:: Supplied data ::

(* Let $H$ be a finite simple graph on vertex set $\{x_1,\dots,x_n\}$ and $G=w(H)$, a graph on $2n$ vertices, and suppose $|E(G)|\ge n+1$. Let $\mathbb{K}$ be a field of characteristic $0$, let $A=A(G)$ be the Artinian algebra of $G$ over $\mathbb{K}$, and let $\ell=x_1+\dots+x_n+y_1+\dots+y_n$ be the sum of the variables. Then the multiplication map $\times\ell:A_i\to A_{i+1}$ has maximal rank (i.e. rank $\min\{\dim_{\mathbb{K}}A_i,\dim_{\mathbb{K}}A_{i+1}\}$) for every $i<n/2$ and for $i=n-1$; moreover for $i<n/2$ the map is injective.
   Context: For a graph $H$ with vertex set $\{x_1,\dots,x_n\}$, the whiskered graph $w(H)$ has vertex set $\{x_1,\dots,x_n,y_1,\dots,y_n\}$ and edge set $E(H)\cup\{\{x_i,y_i\}: i=1,\dots,n\}$. For a graph $G$ on vertices $z_1,\dots,z_m$, its Artinian algebra over $\mathbb{K}$ is $A(G)=\mathbb{K}[z_1,\dots,z_m]/(\langle z_1^2,\dots,z_m^2\rangle+I(G))$, where $I(G)=\langle z_iz_j:\{z_i,z_j\}\in E(G)\rangle$ is the edge ideal; it is standard graded, $A=\bigoplus_i A_i$. *)

theory Defs
  imports Main "HOL.Vector_Spaces" "HOL-Library.Poly_Mapping"
begin

text \<open>Polynomials over a field 'k in commuting variables indexed by 'v are
  represented as finitely supported maps from monomials (exponent vectors
  'v to nat) to coefficients.\<close>

type_synonym ('v, 'k) mpoly = "('v \<Rightarrow>\<^sub>0 nat) \<Rightarrow>\<^sub>0 'k"

definition var :: "'v \<Rightarrow> ('v, 'k::comm_ring_1) mpoly" where
  "var v = Poly_Mapping.single (Poly_Mapping.single v 1) 1"

definition pscale :: "'k::comm_ring_1 \<Rightarrow> ('v, 'k) mpoly \<Rightarrow> ('v, 'k) mpoly" where
  "pscale c p = Poly_Mapping.single 0 c * p"

definition mdeg :: "('v \<Rightarrow>\<^sub>0 nat) \<Rightarrow> nat" where
  "mdeg m = (\<Sum>v\<in>Poly_Mapping.keys m. Poly_Mapping.lookup m v)"
lemma defect_labelling_two_defects:
  assumes "period mod 3 = 1"
  shows "\<exists>l. defect_labelling V p {c, (p ^^ (period - 2)) c} l"
proof -
  define w where "w = (p ^^ (period - 2)) c"
  have "4 \<le> period" using period_ge_3 assms by presburger
  note w = depths_near_root[OF this, folded w_def]
  have "w \<noteq> c" "p w \<noteq> c" using w(3,4) depth_root by auto
  have "p c \<noteq> w" using w(4) \<open>4 \<le> period\<close> by auto
  have "p (p w) \<noteq> w" using w(2) \<open>w \<noteq> c\<close> by simp
  \<comment> \<open>Raising by one the labels of the vertices whose path to \<open>c\<close> passes through \<open>w\<close> splits the
    jump of \<open>3\<close> at \<open>c\<close> into jumps of \<open>2\<close> at \<open>c\<close> and at \<open>w\<close>.\<close>
  define l where "l v = depth v + (if passes_through w v then 1 else 0)" for v
  have "\<not> passes_through w c"
    using \<open>w \<noteq> c\<close> unfolding passes_through_def depth_root by auto
  moreover have "passes_through w w"
    unfolding passes_through_def by (intro exI[of _ 0]) simp
  moreover have "\<not> passes_through w (p w)"
  proof -
    have "(p ^^ m) (p w) \<noteq> w" if "m \<le> 1" for m
      using that parent_neq[OF w(1)] \<open>p (p w) \<noteq> w\<close> by (cases m) auto
    then show ?thesis unfolding passes_through_def w(3) by blast
  qed
  ultimately have "l c = 0" "l (p c) = period" "l w = 3" "l (p w) = 1"
    using w depth_root unfolding l_def by simp_all
  moreover have "l v = l (p v) + 1" if "v \<in> V" "v \<notin> {c, w}" for v
    using depth_step[of v] passes_through_parent[of v w] that unfolding l_def by simp
  ultimately have "defect_labelling V p {c, w} l"
    using assms root_in_V w(1) parent_neq[OF root_in_V] parent_neq[OF w(1)] \<open>p w \<noteq> c\<close> \<open>p c \<noteq> w\<close>
    unfolding defect_labelling_def by (auto simp: mod_Suc)
  then show ?thesis unfolding w_def by blast
qed
lemma C_cone_positive_cone: "C_cone G (positive_cone G R)"
proof
  show "positive_cone G R \<subseteq> carrier G"
    by (auto simp: positive_cone_def)
next
  fix x y assume x: "x \<in> positive_cone G R" and y: "y \<in> positive_cone G R"
  then have xc: "x \<in> carrier G" and yc: "y \<in> carrier G" and "R \<one> x" "x \<noteq> \<one>"
    by (auto simp: positive_cone_def)
  have "R x (x \<otimes> y)"
    using positive_cone_iff[of x "x \<otimes> y"] y xc yc by (simp add: inv_mult_cancel_left)
  then have "R \<one> (x \<otimes> y)"
    using ord_trans[of \<one> x "x \<otimes> y"] \<open>R \<one> x\<close> xc yc by simp
  moreover have "x \<otimes> y \<noteq> \<one>"
    using \<open>R x (x \<otimes> y)\<close> \<open>R \<one> x\<close> \<open>x \<noteq> \<one>\<close> ord_antisym[of x \<one>] xc by auto
  ultimately show "x \<otimes> y \<in> positive_cone G R"
    using xc yc by (simp add: positive_cone_def)
next
  fix x assume x: "x \<in> positive_cone G R"
  then have xc: "x \<in> carrier G" and "R \<one> x" "x \<noteq> \<one>"
    by (auto simp: positive_cone_def)
  show "inv x \<notin> positive_cone G R"
  proof
    assume "inv x \<in> positive_cone G R"
    then have "R x \<one>"
      using positive_cone_iff[of x \<one>] xc by simp
    with \<open>R \<one> x\<close> \<open>x \<noteq> \<one>\<close> show False
      using ord_antisym[of x \<one>] xc by simp
  qed
next
  fix x assume xc: "x \<in> carrier G" and "x \<noteq> \<one>"
  then have "R \<one> x \<or> inv x \<otimes> \<one> \<in> positive_cone G R"
    using ord_total[of \<one> x] positive_cone_iff[of x \<one>] by auto
  then show "x \<in> positive_cone G R \<or> inv x \<in> positive_cone G R"
    using xc \<open>x \<noteq> \<one>\<close> by (auto simp: positive_cone_def)
next
  fix f g assume "f \<in> positive_cone G R" "g \<in> positive_cone G R"
  then have f: "f \<in> carrier G" "R \<one> f" "f \<noteq> \<one>" and g: "g \<in> carrier G" "R \<one> g" "g \<noteq> \<one>"
    by (simp_all add: positive_cone_def)
  then obtain n :: nat where "R g (f \<otimes> g [^] n)" "f \<otimes> g [^] n \<noteq> g"
    using ord_Conrad by blast
  then have "inv g \<otimes> (f \<otimes> g [^] n) \<in> positive_cone G R"
    using positive_cone_iff[of g "f \<otimes> g [^] n"] f(1) g(1) by simp
  then show "\<exists>n::nat. inv g \<otimes> (f \<otimes> g [^] n) \<in> positive_cone G R" ..
qed
lemma exists_unmatched_plus:
  fixes \<sigma> :: "nat \<Rightarrow> int"
  assumes pos: "0 < (\<Sum>m<L. \<sigma> m)" and le_1: "\<And>m. \<sigma> m \<le> 1"
  shows "\<exists>j<L. \<sigma> j = 1 \<and> (\<forall>q. j \<le> q \<and> q < L \<longrightarrow> 0 < (\<Sum>m=j..q. \<sigma> m))"
proof -
  define S where "S p = (\<Sum>m<p. \<sigma> m)" for p
  define A where "A = {p. p \<le> L \<and> S p = Min (S ` {..L})}"
  define j where "j = Max A"
  have "Min (S ` {..L}) \<in> S ` {..L}"
    by (rule Min_in) auto
  then have "finite A" "A \<noteq> {}"
    unfolding A_def by fastforce+
  then have "j \<in> A" and j_last: "\<And>p. p \<in> A \<Longrightarrow> p \<le> j"
    unfolding j_def by auto
  have S_min: "S j \<le> S p" if "p \<le> L" for p
    using \<open>j \<in> A\<close> that unfolding A_def by simp
  have S_after: "S j < S p" if "j < p" "p \<le> L" for p
  proof -
    have "p \<notin> A"
      using j_last \<open>j < p\<close> by fastforce
    then show ?thesis
      using S_min[OF \<open>p \<le> L\<close>] \<open>j \<in> A\<close> \<open>p \<le> L\<close> unfolding A_def
      by (auto simp: order_less_le)
  qed
  have "j < L"
    using \<open>j \<in> A\<close> S_min[of 0] pos unfolding A_def S_def by (cases "j = L") auto
  have sums: "0 < (\<Sum>m=j..q. \<sigma> m)" if "j \<le> q" "q < L" for q
    using S_after[of "Suc q"] that
    unfolding sum_atLeastAtMost_eq_diff_lessThan[OF \<open>j \<le> q\<close>] S_def by simp
  with \<open>j < L\<close> have "\<sigma> j = 1"
    using le_1[of j] sums[of j] by simp
  with \<open>j < L\<close> sums show ?thesis by blast
qed

lemma self_in_cr_component: "x \<in> cr_component n C x"
  unfolding cr_component_def by simp

lemma cr_component_eq:
  assumes "x' \<in> cr_component n C x"
  shows "cr_component n C x' = cr_component n C x"
proof -
  let ?R = "cr_edges n C \<union> (cr_edges n C)\<inverse>"
  have "(x, x') \<in> ?R\<^sup>*"
    using assms unfolding cr_component_def by simp
  moreover from rtrancl_converseI[OF this] have "(x', x) \<in> ?R\<^sup>*"
    by (simp add: converse_Un Un_commute)
  ultimately show ?thesis
    unfolding cr_component_def by (auto intro: rtrancl_trans)
qed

:::

→ **The task**:
Write only the number of lines in the records that include the word "ultimately".

→ **Your response**:
4